= Work to be completed =
Copy the data below exactly.

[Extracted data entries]
Start of Block

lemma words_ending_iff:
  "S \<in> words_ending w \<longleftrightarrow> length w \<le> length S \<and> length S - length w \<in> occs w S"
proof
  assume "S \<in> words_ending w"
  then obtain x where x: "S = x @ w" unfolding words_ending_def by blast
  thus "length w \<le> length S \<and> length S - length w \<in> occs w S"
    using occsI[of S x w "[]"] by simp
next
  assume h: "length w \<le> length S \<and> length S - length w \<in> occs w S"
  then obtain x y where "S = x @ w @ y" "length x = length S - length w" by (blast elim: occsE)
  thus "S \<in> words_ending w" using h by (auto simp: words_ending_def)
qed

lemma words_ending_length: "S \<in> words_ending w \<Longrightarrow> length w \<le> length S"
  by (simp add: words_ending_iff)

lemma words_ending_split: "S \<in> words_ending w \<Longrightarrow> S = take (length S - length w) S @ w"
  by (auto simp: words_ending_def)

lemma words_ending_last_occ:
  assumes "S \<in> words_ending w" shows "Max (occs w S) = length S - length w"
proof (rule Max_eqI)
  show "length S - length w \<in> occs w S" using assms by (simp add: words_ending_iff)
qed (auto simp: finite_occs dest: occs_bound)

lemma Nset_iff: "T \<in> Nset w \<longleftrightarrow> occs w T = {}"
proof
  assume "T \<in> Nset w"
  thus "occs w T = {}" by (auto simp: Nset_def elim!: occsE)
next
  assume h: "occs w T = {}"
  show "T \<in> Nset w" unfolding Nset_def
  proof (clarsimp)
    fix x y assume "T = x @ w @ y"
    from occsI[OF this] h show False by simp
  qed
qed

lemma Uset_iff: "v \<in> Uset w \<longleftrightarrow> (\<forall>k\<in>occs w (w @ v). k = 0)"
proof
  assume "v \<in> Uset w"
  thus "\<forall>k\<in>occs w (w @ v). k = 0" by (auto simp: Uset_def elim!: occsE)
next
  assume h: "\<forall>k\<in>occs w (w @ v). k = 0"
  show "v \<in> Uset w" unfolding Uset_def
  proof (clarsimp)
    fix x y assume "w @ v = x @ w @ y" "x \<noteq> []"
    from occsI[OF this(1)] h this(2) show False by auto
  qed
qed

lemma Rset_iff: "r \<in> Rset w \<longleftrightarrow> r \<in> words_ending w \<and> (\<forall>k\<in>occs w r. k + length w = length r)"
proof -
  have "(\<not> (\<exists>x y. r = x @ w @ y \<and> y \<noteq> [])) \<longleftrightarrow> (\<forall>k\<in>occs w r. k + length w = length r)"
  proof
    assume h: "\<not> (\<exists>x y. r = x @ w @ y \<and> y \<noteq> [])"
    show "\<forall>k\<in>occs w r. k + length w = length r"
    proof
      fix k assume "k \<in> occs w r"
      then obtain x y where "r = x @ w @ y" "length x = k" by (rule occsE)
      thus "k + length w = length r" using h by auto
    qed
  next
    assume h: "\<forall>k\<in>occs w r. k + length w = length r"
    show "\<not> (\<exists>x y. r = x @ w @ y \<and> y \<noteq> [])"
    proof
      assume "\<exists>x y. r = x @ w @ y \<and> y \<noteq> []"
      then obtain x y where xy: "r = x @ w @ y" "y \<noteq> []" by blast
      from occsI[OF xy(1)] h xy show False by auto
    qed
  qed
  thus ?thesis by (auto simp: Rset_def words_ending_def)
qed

End of Block

= Problem solution =
lemma words_ending_iff:
  "S \<in> words_ending w \<longleftrightarrow> length w \<le> length S \<and> length S - length w \<in> occs w S"
proof
  assume "S \<in> words_ending w"
  then obtain x where x: "S = x @ w" unfolding words_ending_def by blast
  thus "length w \<le> length S \<and> length S - length w \<in> occs w S"
    using occsI[of S x w "[]"] by simp
next
  assume h: "length w \<le> length S \<and> length S - length w \<in> occs w S"
  then obtain x y where "S = x @ w @ y" "length x = length S - length w" by (blast elim: occsE)
  thus "S \<in> words_ending w" using h by (auto simp: words_ending_def)
qed

lemma words_ending_length: "S \<in> words_ending w \<Longrightarrow> length w \<le> length S"
  by (simp add: words_ending_iff)

lemma words_ending_split: "S \<in> words_ending w \<Longrightarrow> S = take (length S - length w) S @ w"
  by (auto simp: words_ending_def)

lemma words_ending_last_occ:
  assumes "S \<in> words_ending w" shows "Max (occs w S) = length S - length w"
proof (rule Max_eqI)
  show "length S - length w \<in> occs w S" using assms by (simp add: words_ending_iff)
qed (auto simp: finite_occs dest: occs_bound)

lemma Nset_iff: "T \<in> Nset w \<longleftrightarrow> occs w T = {}"
proof
  assume "T \<in> Nset w"
  thus "occs w T = {}" by (auto simp: Nset_def elim!: occsE)
next
  assume h: "occs w T = {}"
  show "T \<in> Nset w" unfolding Nset_def
  proof (clarsimp)
    fix x y assume "T = x @ w @ y"
    from occsI[OF this] h show False by simp
  qed
qed

lemma Uset_iff: "v \<in> Uset w \<longleftrightarrow> (\<forall>k\<in>occs w (w @ v). k = 0)"
proof
  assume "v \<in> Uset w"
  thus "\<forall>k\<in>occs w (w @ v). k = 0" by (auto simp: Uset_def elim!: occsE)
next
  assume h: "\<forall>k\<in>occs w (w @ v). k = 0"
  show "v \<in> Uset w" unfolding Uset_def
  proof (clarsimp)
    fix x y assume "w @ v = x @ w @ y" "x \<noteq> []"
    from occsI[OF this(1)] h this(2) show False by auto
  qed
qed

lemma Rset_iff: "r \<in> Rset w \<longleftrightarrow> r \<in> words_ending w \<and> (\<forall>k\<in>occs w r. k + length w = length r)"
proof -
  have "(\<not> (\<exists>x y. r = x @ w @ y \<and> y \<noteq> [])) \<longleftrightarrow> (\<forall>k\<in>occs w r. k + length w = length r)"
  proof
    assume h: "\<not> (\<exists>x y. r = x @ w @ y \<and> y \<noteq> [])"
    show "\<forall>k\<in>occs w r. k + length w = length r"
    proof
      fix k assume "k \<in> occs w r"
      then obtain x y where "r = x @ w @ y" "length x = k" by (rule occsE)
      thus "k + length w = length r" using h by auto
    qed
  next
    assume h: "\<forall>k\<in>occs w r. k + length w = length r"
    show "\<not> (\<exists>x y. r = x @ w @ y \<and> y \<noteq> [])"
    proof
      assume "\<exists>x y. r = x @ w @ y \<and> y \<noteq> []"
      then obtain x y where xy: "r = x @ w @ y" "y \<noteq> []" by blast
      from occsI[OF xy(1)] h xy show False by auto
    qed
  qed
  thus ?thesis by (auto simp: Rset_def words_ending_def)
qed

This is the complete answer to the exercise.